Everything from the line that holds "then Suc (cview" through the end of the data below should be output exactly, both ends included.

- **INPUT MATERIAL**
★ ★ ★ ★ ★

lemma view_change_inv_start_change:
  assumes inv: "view_change_inv W st" and idle: "\<not> changing st s"
  shows "view_change_inv W (start_change W st s)"
proof -
  let ?st' = "start_change W st s"
  have sent': "sent ?st' = sent st
      \<union> {(s, q, ChangeView (Suc (cview st s))) | q. True}
      \<union> {(s, q, StateUpdate (reg st s) (cview st s) (W (cview st s) s)) | q. True}"
    by (simp add: start_change_def)
  have target': "target_view ?st' p = (if p = s then Suc (cview st s) else target_view st p)" for p
    using idle by (simp add: target_view_def start_change_def)
  have sent_le: "k \<le> target_view st p" if "(p, q, ChangeView k) \<in> sent st" for p q k
    using inv that unfolding view_change_inv_def by blast
  have sent_upto: "(p, q, ChangeView k) \<in> sent st" if "0 < k" "k \<le> target_view st p" for p q k
    using inv that unfolding view_change_inv_def by blast
  have sent_su: "\<exists>r. \<forall>q. (p, q, StateUpdate r u (W u p)) \<in> sent st" if "u < target_view st p" for p u
    using inv that unfolding view_change_inv_def by blast
  have target_s: "target_view st s = cview st s"
    using idle by (simp add: target_view_def)
  show ?thesis
    unfolding view_change_inv_def
  proof (intro conjI allI impI)
    fix p q k assume "(p, q, ChangeView k) \<in> sent ?st'"
    then have "k \<le> target_view st p \<or> (p = s \<and> k = Suc (cview st s))"
      unfolding sent' using sent_le by blast
    then show "k \<le> target_view ?st' p"
      unfolding target' using target_s by auto
  next
    fix p q k assume "0 < k \<and> k \<le> target_view ?st' p"
    then have "0 < k \<and> k \<le> target_view st p \<or> (p = s \<and> k = Suc (cview st s))"
      unfolding target' using target_s by (auto split: if_splits)
    then show "(p, q, ChangeView k) \<in> sent ?st'"
      unfolding sent' using sent_upto by blast
  next
    fix p u assume "u < target_view ?st' p"
    then have "u < target_view st p \<or> (p = s \<and> u = cview st s)"
      unfolding target' using target_s by (auto split: if_splits)
    then show "\<exists>r. \<forall>q. (p, q, StateUpdate r u (W u p)) \<in> sent ?st'"
      unfolding sent' using sent_su by blast
  qed
qed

★ ★ ★ ★ ★

- **EXERCISE RESPONSE**
  have target': "target_view ?st' p = (if p = s then Suc (cview st s) else target_view st p)" for p
    using idle by (simp add: target_view_def start_change_def)
  have sent_le: "k \<le> target_view st p" if "(p, q, ChangeView k) \<in> sent st" for p q k
    using inv that unfolding view_change_inv_def by blast
  have sent_upto: "(p, q, ChangeView k) \<in> sent st" if "0 < k" "k \<le> target_view st p" for p q k
    using inv that unfolding view_change_inv_def by blast
  have sent_su: "\<exists>r. \<forall>q. (p, q, StateUpdate r u (W u p)) \<in> sent st" if "u < target_view st p" for p u
    using inv that unfolding view_change_inv_def by blast
  have target_s: "target_view st s = cview st s"
    using idle by (simp add: target_view_def)
  show ?thesis
    unfolding view_change_inv_def
  proof (intro conjI allI impI)
    fix p q k assume "(p, q, ChangeView k) \<in> sent ?st'"
    then have "k \<le> target_view st p \<or> (p = s \<and> k = Suc (cview st s))"
      unfolding sent' using sent_le by blast
    then show "k \<le> target_view ?st' p"
      unfolding target' using target_s by auto
  next
    fix p q k assume "0 < k \<and> k \<le> target_view ?st' p"
    then have "0 < k \<and> k \<le> target_view st p \<or> (p = s \<and> k = Suc (cview st s))"
      unfolding target' using target_s by (auto split: if_splits)
    then show "(p, q, ChangeView k) \<in> sent ?st'"
      unfolding sent' using sent_upto by blast
  next
    fix p u assume "u < target_view ?st' p"
    then have "u < target_view st p \<or> (p = s \<and> u = cview st s)"
      unfolding target' using target_s by (auto split: if_splits)
    then show "\<exists>r. \<forall>q. (p, q, StateUpdate r u (W u p)) \<in> sent ?st'"
      unfolding sent' using sent_su by blast
  qed
qed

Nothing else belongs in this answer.